(* Let $C$ be a set of pairwise disjoint lines on ${\rm F}_5$ and put $C^i=C\cap\mathcal{L}^i$ for $i=0,1,2$, with $\#C^0\ge4$. Let $\{s,r\}=\{1,2\}$ and suppose $C^s=\{L^s_{a_0,b_0},\dots,L^s_{a_4,b_4}\}$ with $\#C^s=5$ and $\#C^r=4$. Then $\#\{a_0,\dots,a_4\}\ge3$.
   Context: ${\rm F}_5\subset\mathbb{P}^3(\mathbb{C})$ is the surface $x^5-y^5-z^5+w^5=0$. Let $\eta$ be a primitive 5th root of unity and $v=-1$. For $k,i\in\{0,\dots,4\}$ define $L^0_{k,i}:\{y=\eta^i x,\ w=\eta^k z\}$, $L^1_{k,i}:\{x=\eta^{k+i}z,\ y=\eta^i w\}$, $L^2_{k,i}:\{x=v\eta^i w,\ y=v\eta^{k+i}z\}$, and $\mathcal{L}^s=\{L^s_{k,i}\}_{k,i}$; these 75 lines are all the lines on ${\rm F}_5$. *)

theory Defs
  imports Complex_Main
begin

text \<open>Points of P^3(C) are represented by their affine cones in C^4: a projective line
is the 2-dimensional linear subspace of C^4 cut out by two linear equations.
Two projective lines are disjoint iff their cones meet only in the origin.\<close>

type_synonym pt = "complex \<times> complex \<times> complex \<times> complex"

definition fermat5 :: "pt set" where
  "fermat5 = {(x,y,z,w). x^5 - y^5 - z^5 + w^5 = 0}"

definition v :: complex where "v = -1"

definition L0 :: "complex \<Rightarrow> nat \<Rightarrow> nat \<Rightarrow> pt set" where
  "L0 \<eta> k i = {(x,y,z,w). y = \<eta>^i * x \<and> w = \<eta>^k * z}"

definition L1 :: "complex \<Rightarrow> nat \<Rightarrow> nat \<Rightarrow> pt set" where
  "L1 \<eta> k i = {(x,y,z,w). x = \<eta>^(k+i) * z \<and> y = \<eta>^i * w}"

definition L2 :: "complex \<Rightarrow> nat \<Rightarrow> nat \<Rightarrow> pt set" where
  "L2 \<eta> k i = {(x,y,z,w). x = v * \<eta>^i * w \<and> y = v * \<eta>^(k+i) * z}"

definition Lfam :: "nat \<Rightarrow> complex \<Rightarrow> nat \<Rightarrow> nat \<Rightarrow> pt set" where
  "Lfam s \<eta> k i = (if s = 0 then L0 \<eta> k i else if s = 1 then L1 \<eta> k i else L2 \<eta> k i)"

definition Lcal :: "nat \<Rightarrow> complex \<Rightarrow> pt set set" where
  "Lcal s \<eta> = {Lfam s \<eta> k i | k i. k < 5 \<and> i < 5}"

definition pairwise_disjoint_lines :: "pt set set \<Rightarrow> bool" where
  "pairwise_disjoint_lines C \<longleftrightarrow> (\<forall>L\<in>C. \<forall>M\<in>C. L \<noteq> M \<longrightarrow> L \<inter> M = {(0,0,0,0)})"

end

theory Submission
  imports Defs "HOL-Number_Theory.Cong" "HOL-Computational_Algebra.Primes"
begin

(* Two lines L^s_{a,b}, L^s_{a',b'} of the same family s = 1, 2 meet as soon as b = b' or
   a + b = a' + b' (mod 5). Hence for the five disjoint lines of C^s both j |-> b_j and
   j |-> a_j + b_j are bijections onto Z/5; comparing their sums gives 5 | sum_j a_j. If a takes
   only two values c and d, this reads 5 | N (c - d) with N = #{j. a_j = c}, so a is constant,
   say a_0. Then C^s is the whole row L^s_{a_0,0}, ..., L^s_{a_0,4}; but L^s_{a_0,beta} meets
   L^r_{k,i} as soon as a_0 + 2 beta = k + 2 i (mod 5), so C^r would be empty. *)

lemma power_mod_exponent:
  fixes x :: "'a::monoid_mult"
  assumes "x ^ n = 1"
  shows "x ^ (m mod n) = x ^ m"
proof -
  have "x ^ m = x ^ (m mod n) * (x ^ n) ^ (m div n)"
    by (metis mod_div_mult_eq power_add power_mult mult.commute)
  then show ?thesis using assms by simp
qed

lemma power_eq_if_mod_eq:
  fixes x :: "'a::monoid_mult"
  assumes "x ^ n = 1" "k mod n = m mod n"
  shows "x ^ k = x ^ m"
  by (metis assms power_mod_exponent)

lemma inj_on_mod_image_eq:
  assumes "inj_on (\<lambda>j. f j mod n) {..<n}"
  shows "(\<lambda>j. f j mod n) ` {..<n} = {..<(n::nat)}"
proof (rule card_subset_eq)
  show "(\<lambda>j. f j mod n) ` {..<n} \<subseteq> {..<n}" by auto
qed (simp_all add: card_image[OF assms])

lemma inj_on_mod_sum_eq:
  assumes "inj_on (\<lambda>j. f j mod n) {..<n}"
  shows "(\<Sum>j<n. f j mod n) = (\<Sum>i<(n::nat). i)"
  using sum.reindex[OF assms, of id] inj_on_mod_image_eq[OF assms] by simp

lemma dvd_sum_if_inj_mod:
  fixes a b :: "nat \<Rightarrow> nat"
  assumes "inj_on (\<lambda>j. b j mod n) {..<n}" "inj_on (\<lambda>j. (a j + b j) mod n) {..<n}"
  shows "n dvd (\<Sum>j<n. a j)"
proof -
  have "(\<Sum>j<n. (a j + b j) mod n) mod n = (\<Sum>j<n. b j mod n) mod n"
    using inj_on_mod_sum_eq[OF assms(1)] inj_on_mod_sum_eq[OF assms(2)] by simp
  then have "[(\<Sum>j<n. a j) + (\<Sum>j<n. b j) = (\<Sum>j<n. b j)] (mod n)"
    by (simp add: mod_sum_eq sum.distrib cong_def)
  then show ?thesis by (simp add: cong_add_rcancel_0_nat cong_0_iff)
qed

lemma prime_dvd_sum_two_valued_imp_const:
  fixes a :: "nat \<Rightarrow> nat"
  assumes p: "prime p" and dvd: "p dvd (\<Sum>j<p. a j)" and lt: "\<forall>j<p. a j < p"
    and card: "card (a ` {..<p}) \<le> 2"
  shows "\<forall>j<p. a j = a 0"
proof (rule ccontr)
  assume "\<not> ?thesis"
  then obtain j0 where j0: "j0 < p" "a j0 \<noteq> a 0" by auto
  define c d where "c = a 0" and "d = a j0"
  have "card {c, d} = 2" using j0 by (simp add: c_def d_def)
  moreover have "{c, d} \<subseteq> a ` {..<p}" using j0 by (auto simp: c_def d_def)
  ultimately have img: "a ` {..<p} = {c, d}" using card card_seteq by (metis finite_imageI finite_lessThan)
  define A where "A = {j \<in> {..<p}. a j = c}"
  have "(\<Sum>j<p. int (a j) - int d) = (\<Sum>j<p. if a j = c then int c - int d else 0)"
    using img by (intro sum.cong) auto
  also have "\<dots> = int (card A) * (int c - int d)" by (simp add: A_def sum.inter_filter[symmetric])
  finally have "int (\<Sum>j<p. a j) - int p * int d = int (card A) * (int c - int d)"
    by (simp add: sum_subtractf)
  then have "int p dvd int (card A) * (int c - int d)" using dvd
    by (metis dvd_diff dvd_triv_left int_dvd_int_iff)
  then have "int p dvd int (card A) \<or> int p dvd int c - int d"
    using p by (simp add: prime_dvd_mult_iff prime_nat_int_transfer)
  moreover have "0 < card A" "card A < p"
  proof -
    have "0 \<in> A" "j0 \<notin> A" "A \<subseteq> {..<p}" using j0 prime_gt_0_nat[OF p] by (auto simp: A_def c_def d_def)
    then have "A \<subset> {..<p}" using j0 by auto
    then show "0 < card A" "card A < p"
      using \<open>0 \<in> A\<close> finite_subset[of A "{..<p}"] psubset_card_mono[of "{..<p}" A] by auto
  qed
  moreover have "c < p" "d < p" "c \<noteq> d" using lt j0 prime_gt_0_nat[OF p] by (auto simp: c_def d_def)
  moreover have "\<not> int p dvd int c - int d"
    using dvd_imp_le_int[of "int c - int d" "int p"] \<open>c < p\<close> \<open>d < p\<close> \<open>c \<noteq> d\<close> by auto
  ultimately show False by (auto dest: zdvd_imp_le)
qed

definition lines_meet :: "pt set \<Rightarrow> pt set \<Rightarrow> bool" where
  "lines_meet L M \<longleftrightarrow> (\<exists>p\<in>L \<inter> M. p \<noteq> (0,0,0,0))"

lemma lines_meet_sym: "lines_meet L M \<longleftrightarrow> lines_meet M L"
  unfolding lines_meet_def by blast

lemma pairwise_disjoint_linesD:
  assumes "pairwise_disjoint_lines C" "L \<in> C" "M \<in> C" "lines_meet L M"
  shows "L = M"
  using assms unfolding pairwise_disjoint_lines_def lines_meet_def by blast

lemma L1_meet_L1:
  assumes "\<eta> ^ b = \<eta> ^ b' \<or> \<eta> ^ (a + b) = \<eta> ^ (a' + b')"
  shows "lines_meet (L1 \<eta> a b) (L1 \<eta> a' b')"
  using assms
proof
  assume "\<eta> ^ b = \<eta> ^ b'"
  then show ?thesis
    unfolding lines_meet_def L1_def by (intro bexI[of _ "(0, \<eta> ^ b, 0, 1)"]) auto
next
  assume "\<eta> ^ (a + b) = \<eta> ^ (a' + b')"
  then show ?thesis
    unfolding lines_meet_def L1_def by (intro bexI[of _ "(\<eta> ^ (a + b), 0, 1, 0)"]) auto
qed

lemma L2_meet_L2:
  assumes "\<eta> ^ b = \<eta> ^ b' \<or> \<eta> ^ (a + b) = \<eta> ^ (a' + b')"
  shows "lines_meet (L2 \<eta> a b) (L2 \<eta> a' b')"
  using assms
proof
  assume "\<eta> ^ b = \<eta> ^ b'"
  then show ?thesis
    unfolding lines_meet_def L2_def by (intro bexI[of _ "(v * \<eta> ^ b, 0, 0, 1)"]) auto
next
  assume "\<eta> ^ (a + b) = \<eta> ^ (a' + b')"
  then show ?thesis
    unfolding lines_meet_def L2_def by (intro bexI[of _ "(0, v * \<eta> ^ (a + b), 1, 0)"]) auto
qed

lemma L1_meet_L2:
  assumes "\<eta> \<noteq> 0" "\<eta> ^ (k + 2 * i) = \<eta> ^ (k' + 2 * i')"
  shows "lines_meet (L1 \<eta> k i) (L2 \<eta> k' i')"
proof -
  let ?p = "(\<eta> ^ (k + i + i'), v * \<eta> ^ (k + 2 * i), \<eta> ^ i', v * \<eta> ^ (k + i))"
  have "\<eta> ^ (k + i + i') = \<eta> ^ (k + i) * \<eta> ^ i'" "\<eta> ^ (k + 2 * i) = \<eta> ^ i * \<eta> ^ (k + i)"
    "\<eta> ^ (k' + 2 * i') = \<eta> ^ (k' + i') * \<eta> ^ i'"
    by (simp_all add: power_add power_mult power2_eq_square mult_ac)
  moreover have "v * v = 1" by (simp add: v_def)
  ultimately have "?p \<in> L1 \<eta> k i" "?p \<in> L2 \<eta> k' i'"
    using assms(2) by (simp_all add: L1_def L2_def algebra_simps)
  moreover have "?p \<noteq> (0,0,0,0)" using assms(1) by simp
  ultimately show ?thesis unfolding lines_meet_def by blast
qed

lemma L1_neq_L2:
  assumes "\<eta> \<noteq> 0"
  shows "L1 \<eta> k i \<noteq> L2 \<eta> k' i'"
proof -
  have "(0, \<eta> ^ i, 0, 1) \<in> L1 \<eta> k i" by (simp add: L1_def)
  moreover have "(0, \<eta> ^ i, 0, 1) \<notin> L2 \<eta> k' i'" using assms by (simp add: L2_def v_def)
  ultimately show ?thesis by blast
qed

lemma Lfam_meet_same:
  assumes "s \<in> {1, 2}" "\<eta> ^ b = \<eta> ^ b' \<or> \<eta> ^ (a + b) = \<eta> ^ (a' + b')"
  shows "lines_meet (Lfam s \<eta> a b) (Lfam s \<eta> a' b')"
  using assms L1_meet_L1 L2_meet_L2 by (auto simp: Lfam_def)

lemma Lfam_meet_cross:
  assumes "{s, r} = {1, 2::nat}" "\<eta> \<noteq> 0" "\<eta> ^ (k + 2 * i) = \<eta> ^ (k' + 2 * i')"
  shows "lines_meet (Lfam s \<eta> k i) (Lfam r \<eta> k' i')"
  using assms L1_meet_L2[OF assms(2,3)] L1_meet_L2[OF assms(2) assms(3)[symmetric]]
  by (auto simp: doubleton_eq_iff Lfam_def lines_meet_sym)

lemma Lcal_cross_disjoint:
  assumes "{s, r} = {1, 2::nat}" "\<eta> \<noteq> 0"
  shows "Lcal s \<eta> \<inter> Lcal r \<eta> = {}"
  using assms L1_neq_L2[OF assms(2)] by (auto simp: doubleton_eq_iff Lcal_def Lfam_def)

lemma Lfam_row_meets_cross:
  assumes "\<eta> ^ 5 = 1" "{s, r} = {1, 2::nat}"
  shows "\<exists>\<beta><5. lines_meet (Lfam s \<eta> c \<beta>) (Lfam r \<eta> k i)"
proof (intro exI conjI)
  let ?\<beta> = "(3 * (k + 2 * i) + 2 * c) mod 5"
  show "?\<beta> < 5" by simp
  have "(c + 2 * ?\<beta>) mod 5 = (c + 2 * (3 * (k + 2 * i) + 2 * c)) mod 5"
    by (metis mod_add_right_eq mod_mult_right_eq)
  also have "c + 2 * (3 * (k + 2 * i) + 2 * c) = (k + 2 * i) + (c + k + 2 * i) * 5" by simp
  finally have "(c + 2 * ?\<beta>) mod 5 = (k + 2 * i) mod 5" by (simp only: mod_mult_self1)
  then have "\<eta> ^ (c + 2 * ?\<beta>) = \<eta> ^ (k + 2 * i)" by (rule power_eq_if_mod_eq[OF assms(1)])
  moreover have "\<eta> \<noteq> 0" using assms(1) by auto
  ultimately show "lines_meet (Lfam s \<eta> c ?\<beta>) (Lfam r \<eta> k i)"
    by (intro Lfam_meet_cross[OF assms(2)])
qed

lemma pairwise_disjoint_Lfam_inj_mod:
  assumes "\<eta> ^ 5 = 1" "s \<in> {1, 2}" "pairwise_disjoint_lines C"
    and "(\<lambda>j. Lfam s \<eta> (a j) (b j)) ` J \<subseteq> C" "inj_on (\<lambda>j. Lfam s \<eta> (a j) (b j)) J"
  shows "inj_on (\<lambda>j. b j mod 5) J" "inj_on (\<lambda>j. (a j + b j) mod 5) J"
proof -
  have "j = j'"
    if "j \<in> J" "j' \<in> J" "b j mod 5 = b j' mod 5 \<or> (a j + b j) mod 5 = (a j' + b j') mod 5" for j j'
  proof -
    have "lines_meet (Lfam s \<eta> (a j) (b j)) (Lfam s \<eta> (a j') (b j'))"
      using that(3) power_eq_if_mod_eq[OF assms(1)] by (intro Lfam_meet_same[OF assms(2)]) blast
    then have "Lfam s \<eta> (a j) (b j) = Lfam s \<eta> (a j') (b j')"
      using pairwise_disjoint_linesD[OF assms(3)] assms(4) that(1,2) by blast
    then show "j = j'" using inj_onD[OF assms(5)] that(1,2) by blast
  qed
  then show "inj_on (\<lambda>j. b j mod 5) J" "inj_on (\<lambda>j. (a j + b j) mod 5) J"
    by (auto intro: inj_onI)
qed

theorem lemma3p5:
  fixes \<eta> :: complex and C :: "pt set set" and s r :: nat and a b :: "nat \<Rightarrow> nat"
  assumes eta: "\<eta>^5 = 1" "\<eta> \<noteq> 1"
    and lines: "C \<subseteq> Lcal 0 \<eta> \<union> Lcal 1 \<eta> \<union> Lcal 2 \<eta>"
    and disj: "pairwise_disjoint_lines C"
    and C0: "card (C \<inter> Lcal 0 \<eta>) \<ge> 4"
    and sr: "{s, r} = {1, 2::nat}"
    and ab: "\<forall>j<5. a j < 5 \<and> b j < 5"
    and Cs: "C \<inter> Lcal s \<eta> = {Lfam s \<eta> (a j) (b j) | j. j < 5}"
    and Cs5: "card (C \<inter> Lcal s \<eta>) = 5"
    and Cr4: "card (C \<inter> Lcal r \<eta>) = 4"
  shows "card (a ` {0..<5}) \<ge> 3"
proof (rule ccontr)
  assume "\<not> card (a ` {0..<5}) \<ge> 3"
  then have card_a: "card (a ` {..<5}) \<le> 2" by (simp add: atLeast0LessThan)
  have \<eta>0: "\<eta> \<noteq> 0" and s12: "s \<in> {1, 2}" using eta(1) sr by auto
  define f where "f j = Lfam s \<eta> (a j) (b j)" for j
  have Cs': "C \<inter> Lcal s \<eta> = f ` {..<5}" unfolding Cs f_def by auto
  have inj_f: "inj_on f {..<5}" using Cs5 unfolding Cs' by (simp add: inj_on_iff_eq_card)
  have inj: "inj_on (\<lambda>j. b j mod 5) {..<5}" "inj_on (\<lambda>j. (a j + b j) mod 5) {..<5}"
    using pairwise_disjoint_Lfam_inj_mod[OF eta(1) s12 disj, of a b "{..<5}"] Cs' inj_f
    unfolding f_def by auto
  have a_lt: "\<forall>j<5. a j < 5" using ab by blast
  have a_const: "\<forall>j<5. a j = a 0"
    by (rule prime_dvd_sum_two_valued_imp_const[OF _ dvd_sum_if_inj_mod[OF inj] a_lt card_a]) simp
  obtain M where M: "M \<in> C \<inter> Lcal r \<eta>" using Cr4 by (metis card.empty ex_in_conv zero_neq_numeral)
  then obtain k' i' where M_eq: "M = Lfam r \<eta> k' i'" by (auto simp: Lcal_def)
  obtain \<beta> where \<beta>: "\<beta> < 5" "lines_meet (Lfam s \<eta> (a 0) \<beta>) M"
    unfolding M_eq using Lfam_row_meets_cross[OF eta(1) sr] by blast
  have "\<beta> \<in> (\<lambda>j. b j mod 5) ` {..<5}" using inj_on_mod_image_eq[OF inj(1)] \<beta>(1) by simp
  then obtain j where j: "j < 5" "b j mod 5 = \<beta>" by blast
  have "a j = a 0" using a_const j(1) by blast
  moreover have "b j = \<beta>" using ab j by simp
  ultimately have "lines_meet (f j) M" using \<beta>(2) by (simp add: f_def)
  then have "f j = M" using pairwise_disjoint_linesD[OF disj] M Cs' j(1) by blast
  then show False using Lcal_cross_disjoint[OF sr \<eta>0] M Cs' j(1) by blast
qed

end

- How to complete this task
Lines holding the string "projective" must be copied out of the entries above.

- Output of the task
text \<open>Points of P^3(C) are represented by their affine cones in C^4: a projective line
Two projective lines are disjoint iff their cones meet only in the origin.\<close>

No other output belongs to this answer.